Nikolay Ivanovich Krasnov (Краснов, Николай Иванович, 29 January 1833 – 15 September 1900) was a lieutenant general of the Imperial Russian Army.

Nikolay Krasnov was born in the stanitsa Veshenskaya of the Don Host Oblast, the son of lieutenant-general Ivan Krasnov (1800 –1871). He graduated from the 1st Cadets Corps in Saint Petersburg and since 1851 served at the Life Guards of Don Cavalry and Artillery Battery in the rank of praporshik. During Crimean War (1853–1856). In 1855, Krasnov took part in the Siege of Taganrog in the rank of sotnik, while his father, Lieutenant-General Ivan Krasnov, commanded the city's defence.
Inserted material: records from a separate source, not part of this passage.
(* Let $\mathcal{T}=(V,A,E,f,q)$ and $\mathcal{T}'$ be decorated trees such that $\mathcal{T}'$ is obtained from $\mathcal{T}$ by one of the following four operations: (a) for an edge $e=\{v,\alpha\}$ with $v\in V$, $\alpha\in A_0$ and $q(e,v)=1$, delete $\alpha$ and $e$; (b) for an edge $e=\{v,t\}$ with $v,t\in V$, $\delta_t=1$ and $q(e,v)=1$, delete $t$ and $e$; (c) for $v\in V$ with $\delta_v=2$ and incident edges $e_1=\{u_1,v\}$, $e_2=\{v,u_2\}$, delete $v,e_1,e_2$ and add the edge $e'=\{u_1,u_2\}$ with decorations $q(e_1,u_1)$ near $u_1$ and $q(e_2,u_2)$ near $u_2$; (d) for an edge $e=\{v_1,v_2\}$ with $v_1,v_2\in V$, $q(e,v_1)=Q(e,v_2)$ and $q(e,v_2)=Q(e,v_1)$, delete $e,v_1,v_2$, add a new vertex $v$, and replace each edge $\varepsilon=\{x,v^*\}$ with $v^*\in\{v_1,v_2\}$, $x\notin\{v_1,v_2\}$ by an edge $\varepsilon'=\{x,v\}$ decorated $q(\varepsilon,x)$ near $x$ and $q(\varepsilon,v^* )$ near $v$. Then $M(\mathcal{T})=M(\mathcal{T}')$ and $F(\mathcal{T})=F(\mathcal{T}')$.
   Context: A graph is a pair $(X_0,X_1)$ of finite sets such that each element of $X_1$ (an edge) is a $2$-element subset of $X_0$; elements of $X_0$ are cells. The valency $\delta_x$ of a cell is the number of edges containing it. A path is a tuple $(x_0,\dots,x_n)$ ($n\ge0$) of cells with $\{x_i,x_{i+1}\}$ an edge for each $i<n$, these edges pairwise distinct; a cell/edge is in the path if it is some $x_i$ / some $\{x_i,x_{i+1}\}$. The graph is a tree if any two cells $x,y$ are joined by a unique path $\gamma_{x,y}$. A decorated tree is $(V,A,E,f,q)$ with $V$ (vertices), $A$ (arrows) finite disjoint sets, $(V\cup A,E)$ a tree, every arrow of valency $1$, $f:A\to\mathbb{Z}$, $q(e,x)\in\mathbb{Z}$ for each $e\in E$, $x\in e$, with $q(e,\alpha)=1$ for $\alpha\in A$, and for each $v\in V$ and distinct edges $e,e'\ni v$, $\gcd(q(e,v),q(e',v))=1$. $A_0=\{\alpha\in A:f(\alpha)=0\}$. For $x\in V\cup A$, $e\ni x$: $Q(e,x)=\prod q(e',x)$ over edges $e'\ne e$ containing $x$ (empty product $=1$). An edge $\varepsilon$ is incident to a path $\gamma$ if it is not in $\gamma$ but contains a cell $u$ of $\gamma$; $q(\varepsilon,\gamma):=q(\varepsilon,u)$. For $v\ne\alpha$, $v\in V\cup A$, $\alpha\in A$: $x_{v,\alpha}=f(\alpha)\prod_\varepsilon q(\varepsilon,\gamma_{v,\alpha})$ over edges incident to $\gamma_{v,\alpha}$; $\hat x_{v,\alpha}$ the same with product restricted to $\varepsilon\not\ni v$. For $v\in V\cup A_0$, $N_v=\sum_{\alpha\in A\setminus A_0}x_{v,\alpha}$; $M(\mathcal{T})=-\sum_{v\in V\cup A_0}N_v(\delta_v-2)$. For $u\in V\cup A$, $e\ni u$: $p(u,e)=\sum\hat x_{u,\alpha}$ over $\alpha\in A\setminus A_0$ with $e$ in $\gamma_{u,\alpha}$. For $\alpha\in A\setminus A_0$ with unique edge $e_\alpha$: $F(\alpha)=\gcd(f(\alpha),p(\alpha,e_\alpha))\ge0$; $F(\mathcal{T})=\sum_{\alpha\in A\setminus A_0}F(\alpha)$. *)

theory Defs
  imports Main
begin

definition is_graph :: "'a set \<Rightarrow> 'a set set \<Rightarrow> bool" where
  "is_graph X0 X1 \<longleftrightarrow> finite X0 \<and> (\<forall>e\<in>X1. e \<subseteq> X0 \<and> card e = 2)"

definition valency :: "'a set set \<Rightarrow> 'a \<Rightarrow> nat" where
  "valency X1 x = card {e \<in> X1. x \<in> e}"

definition path_edges :: "'a list \<Rightarrow> 'a set list" where
  "path_edges p = map (\<lambda>i. {p ! i, p ! Suc i}) [0..<length p - 1]"

definition is_path :: "'a set \<Rightarrow> 'a set set \<Rightarrow> 'a list \<Rightarrow> bool" where
  "is_path X0 X1 p \<longleftrightarrow> p \<noteq> [] \<and> set p \<subseteq> X0
     \<and> (\<forall>i < length p - 1. {p ! i, p ! Suc i} \<in> X1)
     \<and> distinct (path_edges p)"

definition is_tree :: "'a set \<Rightarrow> 'a set set \<Rightarrow> bool" where
  "is_tree X0 X1 \<longleftrightarrow> is_graph X0 X1 \<and>
     (\<forall>x\<in>X0. \<forall>y\<in>X0. \<exists>!p. is_path X0 X1 p \<and> hd p = x \<and> last p = y)"

definition gpath :: "'a set \<Rightarrow> 'a set set \<Rightarrow> 'a \<Rightarrow> 'a \<Rightarrow> 'a list" where
  "gpath X0 X1 x y = (THE p. is_path X0 X1 p \<and> hd p = x \<and> last p = y)"

record 'a dtree =
  dV :: "'a set"
  dA :: "'a set"
  dE :: "'a set set"
  df :: "'a \<Rightarrow> int"
  dq :: "'a set \<Rightarrow> 'a \<Rightarrow> int"

definition cells :: "'a dtree \<Rightarrow> 'a set" where
  "cells T = dV T \<union> dA T"

definition val :: "'a dtree \<Rightarrow> 'a \<Rightarrow> nat" where
  "val T x = valency (dE T) x"

definition decorated_tree :: "'a dtree \<Rightarrow> bool" where
  "decorated_tree T \<longleftrightarrow>
     finite (dV T) \<and> finite (dA T) \<and> dV T \<inter> dA T = {} \<and>
     is_tree (cells T) (dE T) \<and>
     (\<forall>\<alpha>\<in>dA T. val T \<alpha> = 1) \<and>
     (\<forall>e\<in>dE T. \<forall>\<alpha>\<in>dA T. \<alpha> \<in> e \<longrightarrow> dq T e \<alpha> = 1) \<and>
     (\<forall>v\<in>dV T. \<forall>e\<in>dE T. \<forall>e'\<in>dE T. v \<in> e \<longrightarrow> v \<in> e' \<longrightarrow> e \<noteq> e' \<longrightarrow>
        gcd (dq T e v) (dq T e' v) = 1)"

definition A0 :: "'a dtree \<Rightarrow> 'a set" where
  "A0 T = {\<alpha> \<in> dA T. df T \<alpha> = 0}"

definition gam :: "'a dtree \<Rightarrow> 'a \<Rightarrow> 'a \<Rightarrow> 'a list" where
  "gam T x y = gpath (cells T) (dE T) x y"

definition QQ :: "'a dtree \<Rightarrow> 'a set \<Rightarrow> 'a \<Rightarrow> int" where
  "QQ T e x = (\<Prod>e'\<in>{e' \<in> dE T. x \<in> e' \<and> e' \<noteq> e}. dq T e' x)"

definition incident_edges :: "'a dtree \<Rightarrow> 'a list \<Rightarrow> 'a set set" where
  "incident_edges T p = {\<epsilon> \<in> dE T. \<epsilon> \<notin> set (path_edges p) \<and> (\<exists>u\<in>set p. u \<in> \<epsilon>)}"

definition qpath :: "'a dtree \<Rightarrow> 'a set \<Rightarrow> 'a list \<Rightarrow> int" where
  "qpath T \<epsilon> p = dq T \<epsilon> (THE u. u \<in> set p \<and> u \<in> \<epsilon>)"

definition xx :: "'a dtree \<Rightarrow> 'a \<Rightarrow> 'a \<Rightarrow> int" where
  "xx T v \<alpha> = df T \<alpha> * (\<Prod>\<epsilon>\<in>incident_edges T (gam T v \<alpha>). qpath T \<epsilon> (gam T v \<alpha>))"

definition xhat :: "'a dtree \<Rightarrow> 'a \<Rightarrow> 'a \<Rightarrow> int" where
  "xhat T v \<alpha> = df T \<alpha> *
     (\<Prod>\<epsilon>\<in>{\<epsilon> \<in> incident_edges T (gam T v \<alpha>). v \<notin> \<epsilon>}. qpath T \<epsilon> (gam T v \<alpha>))"

definition NN :: "'a dtree \<Rightarrow> 'a \<Rightarrow> int" where
  "NN T v = (\<Sum>\<alpha>\<in>dA T - A0 T. xx T v \<alpha>)"

definition MM :: "'a dtree \<Rightarrow> int" where
  "MM T = - (\<Sum>v\<in>dV T \<union> A0 T. NN T v * (int (val T v) - 2))"

definition pp :: "'a dtree \<Rightarrow> 'a \<Rightarrow> 'a set \<Rightarrow> int" where
  "pp T u e = (\<Sum>\<alpha>\<in>{\<alpha> \<in> dA T - A0 T. e \<in> set (path_edges (gam T u \<alpha>))}. xhat T u \<alpha>)"

definition arrow_edge :: "'a dtree \<Rightarrow> 'a \<Rightarrow> 'a set" where
  "arrow_edge T \<alpha> = (THE e. e \<in> dE T \<and> \<alpha> \<in> e)"

definition Farrow :: "'a dtree \<Rightarrow> 'a \<Rightarrow> int" where
  "Farrow T \<alpha> = gcd (df T \<alpha>) (pp T \<alpha> (arrow_edge T \<alpha>))"

definition FF :: "'a dtree \<Rightarrow> int" where
  "FF T = (\<Sum>\<alpha>\<in>dA T - A0 T. Farrow T \<alpha>)"

definition keeps_f :: "'a dtree \<Rightarrow> 'a dtree \<Rightarrow> bool" where
  "keeps_f T T' \<longleftrightarrow> (\<forall>\<alpha>\<in>dA T'. df T' \<alpha> = df T \<alpha>)"

definition keeps_q_on :: "'a set set \<Rightarrow> 'a dtree \<Rightarrow> 'a dtree \<Rightarrow> bool" where
  "keeps_q_on S T T' \<longleftrightarrow> (\<forall>e\<in>S. \<forall>x\<in>e. dq T' e x = dq T e x)"

definition op_a :: "'a dtree \<Rightarrow> 'a dtree \<Rightarrow> bool" where
  "op_a T T' \<longleftrightarrow> (\<exists>v \<alpha>. v \<in> dV T \<and> \<alpha> \<in> A0 T \<and> {v, \<alpha>} \<in> dE T \<and> dq T {v, \<alpha>} v = 1 \<and>
      dV T' = dV T \<and> dA T' = dA T - {\<alpha>} \<and> dE T' = dE T - {{v, \<alpha>}} \<and>
      keeps_f T T' \<and> keeps_q_on (dE T') T T')"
In 1858, he graduated from the Academy of General Headquarters and served at the General Headquarters from 1860 to 1889. In 1863, Krasnov participated in the Polish campaign and was awarded with an Order of St. Anne of the 3rd degree. He was promoted to the rank of major-general in 1880 and gave his resignation in 1891.

Krasnov settled in the city of Taganrog in 1860s and besides his government and military career, published several articles and books on history of Don Cossacks and Don Voisko Province. His best known books are: The Land of the Don Voisko (Земля Войска Донского), published in Saint Petersburg in 1863, and The Military Review of the Land of the Don Voisko (Военное обозрение земли Войска Донского), published in Saint Petersburg in 1864.

General Nikolay Krasnov died in the city of Taganrog on 15 September 1900 and was buried at the Taganrog's Old Cemetery.